The Committee is non-judicial i.e. it has no authority to adjudge individual complaints or award compensation. This is the task of the machinery set up by the European Convention on Human Rights.
At the heart of the Convention is the principle of "cooperation" ie. cooperation between the Committee and the competent national authorities. The Convention's aim is to assist States to strengthen the protection of detainees, not to condemn states. A consequence of the principle of cooperation is the strictly confidential character of the Committee's work. Publicity will occur only if a State fails to cooperate with the Committee or refuses to make improvements following the Committee's recommendations.
The Committee shall carry out periodic visits to all Contracting Parties. In addition, the Committee may organise such ad hoc visits "as appear to it to be required in the circumstances".
The Committee is obliged to notify the State concerned of its intention to carry out such a visit. However, no stipulation is made as to the period of time which should elapse between the notification and the moment when the visit becomes effective. Exceptionally, a visit may take place immediately after the notification.
Contracting Parties undertake to grant the Committee "unlimited access to any place where persons are deprived of their liberty, including the right to move inside such places without restriction". However, "in exceptional circumstances", the State may make representations to the Committee against a visit at the time or to the particular place proposed; such representations may be made on the grounds of "national defence, public safety, serious disorder in places where persons are deprived of their liberty, the medical condition of a person or that an urgent interrogation relating to a serious crime is in progress". If such representations are made, consultations must immediately take place between the Committee and the State "in order to clarify the situation and seek agreement on arrangements to enable the Committee to exercise its functions expeditiously".
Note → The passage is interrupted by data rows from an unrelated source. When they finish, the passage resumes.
lemma MSC_stochastic_on:
  assumes "MSC Q \<nu>" "menu M"
  shows "stochastic_on M (Q M)"
proof -
  note msc = assms(1)[unfolded MSC_def, rule_format, OF assms(2)]
  have nonneg: "\<forall>k\<in>M. \<forall>j\<in>M. 0 \<le> Q M k j"
    using msc by (rule conjunct1)
  have "(\<Sum>j\<in>M. Q M k j) = 1" if k: "k \<in> M" for k
  proof -
    have "Q M k k = 1 - (\<Sum>j\<in>M - {k}. Q M k j)"
      using msc k by (elim conjE) (drule bspec, assumption, elim conjE)
    then show ?thesis
      using sum.remove[OF finite k, of "Q M k"] by linarith
  qed
  then show ?thesis
    using nonneg by (simp add: stochastic_on_def)
qed

lemma MSC_distribution_on:
  assumes "MSC Q \<nu>" "menu M"
  shows "distribution_on M (\<nu> M)"
  using assms(1)[unfolded MSC_def, rule_format, OF assms(2)] unfolding distribution_on_def
  by (elim conjE) (intro conjI; assumption)

lemma MSC_pair_reachable:
  "MSC Q \<nu> \<Longrightarrow> menu M \<Longrightarrow> i \<in> M \<Longrightarrow> j \<in> M \<Longrightarrow> i \<noteq> j \<Longrightarrow>
     Q {i, j} i j = 0 \<Longrightarrow> 0 < Q {i, j} j i"
  unfolding MSC_def by blast

lemma MSC_ratio_consistent:
  "MSC Q \<nu> \<Longrightarrow> menu M \<Longrightarrow> i \<in> M \<Longrightarrow> j \<in> M \<Longrightarrow> i \<noteq> j \<Longrightarrow>
     Q {i, j} i j * Q M j i = Q {i, j} j i * Q M i j"
  unfolding MSC_def by blast

lemma rationalized_by_stationary:
  assumes "MSC Q \<nu>" "rationalized_by p Q \<nu>" "menu M" "j \<in> M"
  shows "p j M = (\<Sum>k\<in>M. p k M * Q M k j)"
  using assms
  by (intro abel_limit_stationary[OF finite MSC_stochastic_on MSC_distribution_on])
     (auto simp: rationalized_by_def)

lemma stoch_choice_pair:
  assumes "stoch_choice p" "i \<noteq> j"
  shows "p i {i, j} + p j {i, j} = 1"
proof -
  have "(\<Sum>k\<in>{i, j}. p k {i, j}) = 1"
    using assms(1)[unfolded stoch_choice_def, rule_format, of "{i, j}"]
    by (simp add: menu_def)
  then show ?thesis
    using assms(2) by simp
qed

lemma delta_swap: "delta p M j i = - delta p M i j"
  unfolding delta_def by (simp add: insert_commute algebra_simps)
In the course of a visit the Committee may interview detainees in private. It may also "communicate freely with any person whom it believes can supply relevant information".
Postscript
On 6 March 1989 the United Nations Commission on Human Rights had on its agenda once more the Costa Rican draft Optional Protocol. The Commission expressed the belief that, before considering it, it would be advisable "to take note ... of the experience of the European Convention for the prevention of torture"; consequently, it decided to postpone until its 47th session (1991) consideration of the Costa Rican text.